Excerpted records:
lemma pd_prod:
  fixes F :: "'v \<Rightarrow> 'n::finite sym"
  assumes "finite V" and "\<And>v. v \<in> V \<Longrightarrow> F v differentiable (at y)"
  shows "pd m (\<lambda>z. \<Prod>v\<in>V. F v z) y
    = (\<Sum>w\<in>V. \<Prod>v\<in>V. if v = w then pd m (F v) y else F v y)"
proof -
  obtain F' where F': "\<And>v. v \<in> V \<Longrightarrow> (F v has_derivative F' v) (at y)"
    using assms(2) unfolding differentiable_def by metis
  have "pd m (\<lambda>z. \<Prod>v\<in>V. F v z) y = (\<Sum>w\<in>V. F' w (axis m 1) * (\<Prod>v\<in>V - {w}. F v y))"
    using F' by (intro pd_eq_derivative has_derivative_prod)
  also have "\<dots> = (\<Sum>w\<in>V. \<Prod>v\<in>V. if v = w then pd m (F v) y else F v y)"
  proof (intro sum.cong refl)
    fix w assume w: "w \<in> V"
    have "F' w (axis m 1) * (\<Prod>v\<in>V - {w}. F v y)
        = pd m (F w) y * (\<Prod>v\<in>V - {w}. if v = w then pd m (F v) y else F v y)"
      by (simp add: pd_eq_derivative[OF F'[OF w]] cong: prod.cong_simp)
    also have "\<dots> = (\<Prod>v\<in>V. if v = w then pd m (F v) y else F v y)"
      using assms(1) w by (subst prod.remove[of V w]) auto
    finally show "F' w (axis m 1) * (\<Prod>v\<in>V - {w}. F v y) = \<dots>" .
  qed
  finally show ?thesis .
qed

lemma pds_Nil [simp]: "pds [] f = f"
  unfolding pds_def by simp

lemma pds_Cons [simp]: "pds (m # l) f = pd m (pds l f)"
  unfolding pds_def by simp

lemma pds_append: "pds (l @ l') f = pds l (pds l' f)"
  unfolding pds_def by simp

lemma pds_zero [simp]: "pds l (\<lambda>z. 0) = (\<lambda>z. 0)"
  by (induction l) simp_all

lemma smooth_sym_differentiable: "smooth_sym f \<Longrightarrow> f differentiable (at z)"
  unfolding smooth_sym_def by (metis pds_Nil)

lemma smooth_sym_pds: "smooth_sym f \<Longrightarrow> smooth_sym (pds l f)"
  unfolding smooth_sym_def by (metis pds_append)

lemma smooth_sym_pd: "smooth_sym f \<Longrightarrow> smooth_sym (pd m f)"
  using smooth_sym_pds[of f "[m]"] by simp

text \<open>The closure is a device: it is stable under \<^const>\<open>pd\<close>, hence consists of smooth
  symbols, which shows that smooth symbols are closed under sums and products.\<close>

inductive smooth_closure :: "'n::finite sym \<Rightarrow> bool" where
  smooth: "smooth_sym f \<Longrightarrow> smooth_closure f"
| const: "smooth_closure (\<lambda>z. c)"
| add: "smooth_closure f \<Longrightarrow> smooth_closure g \<Longrightarrow> smooth_closure (\<lambda>z. f z + g z)"
| mult: "smooth_closure f \<Longrightarrow> smooth_closure g \<Longrightarrow> smooth_closure (\<lambda>z. f z * g z)"

lemma smooth_closure_differentiable: "smooth_closure f \<Longrightarrow> f differentiable (at z)"
  by (induction rule: smooth_closure.induct) (auto simp: smooth_sym_differentiable)

lemma smooth_closure_pd: "smooth_closure f \<Longrightarrow> smooth_closure (pd m f)"
proof (induction rule: smooth_closure.induct)
  case (smooth f)
  then show ?case by (simp add: smooth_sym_pd smooth_closure.smooth)
next
  case const
  then show ?case by (simp add: smooth_closure.const)
next
  case (add f g)
  have "pd m (\<lambda>z. f z + g z) = (\<lambda>z. pd m f z + pd m g z)"
    using add.hyps by (simp add: fun_eq_iff pd_add smooth_closure_differentiable)
  then show ?case using add.IH by (simp add: smooth_closure.add)
next
  case (mult f g)
  have "pd m (\<lambda>z. f z * g z) = (\<lambda>z. pd m f z * g z + f z * pd m g z)"
    using mult.hyps by (simp add: fun_eq_iff pd_mult smooth_closure_differentiable)
  then show ?case using mult by (simp add: smooth_closure.add smooth_closure.mult)
qed
(* Let $G$ be a group, $N$ a normal subgroup, $k,l\in\mathbb{Z}_{\ge0}$ and $x_1,\dots,x_k,\check x_1,\dots,\check x_l\in N$ with $x_1+\cdots+x_k-\check x_1-\cdots-\check x_l\in\mathrm{B}'_1(G,N;\mathbb{Z})$. Then \[\|x_1+\cdots+x_k-\check x_1-\cdots-\check x_l\|'\le 4\,\mathrm{cl}_{G,N}(x_1+\cdots+x_k+\check x_1^{-1}+\cdots+\check x_l^{-1})-1+3(k+l).\]
   Context: $\mathrm{C}_1(G;A)$, $\mathrm{C}_2(G;A)$ are the free $A$-modules on $G$ and $G\times G$, $\partial(g_1,g_2)=g_2-g_1g_2+g_1$; $\mathrm{C}'_2(G,N;A)$ is generated by pairs with $g_1\in N$ or $g_2\in N$; $\mathrm{B}'_1(G,N;A)=\partial\mathrm{C}'_2(G,N;A)$. For $c\in\mathrm{B}'_1(G,N;\mathbb{R})$, $\|c\|'=\inf\{\|c'\|_1:c'\in\mathrm{C}'_2(G,N;\mathbb{R}),\partial c'=c\}$ with $\|\cdot\|_1$ the $\ell^1$-norm. $\mathrm{cl}_{G,N}$ is the word length on $[G,N]$ with respect to $\{[g,x]=gxg^{-1}x^{-1}:g\in G,x\in N\}$, and for $y_1,\dots,y_m\in N$ with product in $[G,N]$, $\mathrm{cl}_{G,N}(y_1+\cdots+y_m)=\inf_{g_i\in G}\mathrm{cl}_{G,N}(y_1g_1y_2g_1^{-1}\cdots g_{m-1}y_mg_{m-1}^{-1})$ (the hypothesis guarantees $x_1\cdots x_k\check x_1^{-1}\cdots\check x_l^{-1}\in[G,N]$). *)

theory Defs
  imports "HOL-Algebra.Algebra" "HOL-Analysis.Analysis"
begin

text \<open>Finitely supported chains. A 1-chain is a function from group elements to
coefficients; a 2-chain is a function from pairs of group elements to coefficients.\<close>

definition supp2 :: "('a \<times> 'a \<Rightarrow> 'r::zero) \<Rightarrow> ('a \<times> 'a) set" where
  "supp2 c = {p. c p \<noteq> 0}"

definition C2' :: "('a, 'b) monoid_scheme \<Rightarrow> 'a set \<Rightarrow> ('a \<times> 'a \<Rightarrow> 'r::zero) set" where
  "C2' G N = {c. finite (supp2 c) \<and>
     (\<forall>p \<in> supp2 c. fst p \<in> carrier G \<and> snd p \<in> carrier G \<and> (fst p \<in> N \<or> snd p \<in> N))}"
lemma lattice_path_visits_lower_row:
  assumes "successively lattice_step p" "(x, y) \<in> set p" "snd (hd p) \<le> y'" "y' \<le> y"
  shows "\<exists>x'\<le>x. (x', y') \<in> set p"
proof -
  obtain u w where p: "p = u @ (x, y) # w"
    using split_list[OF assms(2)] by blast
  define q where "q = u @ [(x, y)]"
  have q: "successively lattice_step q" "q \<noteq> []" "hd q = hd p" "last q = (x, y)"
    using assms(1) unfolding p q_def by (auto simp: successively_append_iff hd_append)
  then obtain x' where "(x', y') \<in> set q"
    using lattice_path_visits_row[OF q(1,2)] assms(3,4) by auto
  moreover from this have "x' \<le> x"
    using lattice_path_le_last[OF q(1)] q(4) by fastforce
  ultimately show ?thesis
    unfolding p q_def by auto
qed

lemma lattice_path_length:
  assumes "successively lattice_step p" "p \<noteq> []"
  shows "fst (last p) + snd (last p) = fst (hd p) + snd (hd p) + int (length p - 1)"
  using assms
proof (induction p)
  case (Cons u r)
  show ?case
  proof (cases "r = []")
    case False
    then have "successively lattice_step r" "lattice_step u (hd r)"
      using Cons.prems by (auto simp: successively_Cons)
    moreover have "int (length r - 1) + 1 = int (length r)"
      using False by (cases r) auto
    ultimately show ?thesis
      using Cons.IH False by (auto simp: lattice_step_def)
  qed simp
qed simp

(* Min of the empty set is unspecified, so row_entry p y is only meaningful if p meets row y. *)
definition row_entry :: "(int \<times> int) list \<Rightarrow> int \<Rightarrow> int" where
  "row_entry p y = Min {x. (x, y) \<in> set p}"

lemma finite_row_points: "finite {x. (x, y) \<in> set p}"
  by (rule finite_subset[of _ "fst ` set p"]) force+

lemma row_entry_mem: "(x, y) \<in> set p \<Longrightarrow> (row_entry p y, y) \<in> set p"
  unfolding row_entry_def using Min_in[OF finite_row_points, of y p] by blast

lemma row_entry_le: "(x, y) \<in> set p \<Longrightarrow> row_entry p y \<le> x"
  unfolding row_entry_def by (simp add: finite_row_points)

lemma row_entry_eqI:
  "(x, y) \<in> set p \<Longrightarrow> (\<And>x'. (x', y) \<in> set p \<Longrightarrow> x \<le> x') \<Longrightarrow> row_entry p y = x"
  unfolding row_entry_def by (rule Min_eqI) (auto simp: finite_row_points)
(* Let $\pi^{(d)}$ be $\tau^{(d)}$ (with $d\ge6$) or $\sigma^{(d)}$ (with $d\ge8$). If $\beta\le d$ and $\beta\equiv 2\pmod 4$, then $v=\sum_{\alpha=1}^{\beta}(-1)^\alpha e_\alpha\in\{e_\alpha\}_{\alpha\in\mathcal{A}}^{\Omega^{(d)}}$.
   Context: Alphabet $\mathcal{A}=\{1,\dots,d\}$; $\tau^{(d)}$ has top row $1,2,\dots,d$ and bottom row $d,d-1,\dots,6,3,2,5,4,1$; $\sigma^{(d)}$ has top row $1,\dots,d$ and bottom row $d,d-1,\dots,8,3,2,7,6,5,4,1$ (rows list letters in order of $\pi_{\mathrm t}$, $\pi_{\mathrm b}$). $\Omega^{(d)}=\Omega_{\pi^{(d)}}$ where $(\Omega_\pi)_{\alpha\beta}=+1$ if $\pi_{\mathrm t}(\alpha)<\pi_{\mathrm t}(\beta)$ and $\pi_{\mathrm b}(\alpha)>\pi_{\mathrm b}(\beta)$, $-1$ if the reverse inequalities hold, $0$ otherwise; $\langle u,v\rangle=u\Omega^{(d)}v^{\intercal}$ on $\mathbb{Z}^{\mathcal{A}}$, with canonical basis $e_\alpha$. A set $X\subseteq\mathbb{Z}^{\mathcal{A}}$ is $\Omega^{(d)}$-closed if $X=-X$ and for all $v,w\in X$ with $\langle v,w\rangle=1$ one has $v+w,v-w\in X$; $Y^{\Omega^{(d)}}$ denotes the smallest $\Omega^{(d)}$-closed set containing $Y$. *)

theory Defs
  imports Main
begin

text \<open>Alphabet A = {1..d}. A permutation is given by its two rows (lists of letters in
  the order of pi_t and pi_b). pi_t(a), pi_b(a) are positions of a in the rows.\<close>

type_synonym perm_rows = "nat list \<times> nat list"

definition pos :: "nat list \<Rightarrow> nat \<Rightarrow> nat" where
  "pos xs a = Suc (LEAST i. i < length xs \<and> xs ! i = a)"

definition tau_perm :: "nat \<Rightarrow> perm_rows" where
  "tau_perm d = ([1..<d+1], rev [6..<d+1] @ [3,2,5,4,1])"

Exercise objective: Repeat exactly the lines above from the one with "unfolding row_entry_def by (rule" up to and including the one with "(with $d\ge6$) or". No other line belongs in the reply.

Written response:
  unfolding row_entry_def by (rule Min_eqI) (auto simp: finite_row_points)
(* Let $\pi^{(d)}$ be $\tau^{(d)}$ (with $d\ge6$) or $\sigma^{(d)}$ (with $d\ge8$). If $\beta\le d$ and $\beta\equiv 2\pmod 4$, then $v=\sum_{\alpha=1}^{\beta}(-1)^\alpha e_\alpha\in\{e_\alpha\}_{\alpha\in\mathcal{A}}^{\Omega^{(d)}}$.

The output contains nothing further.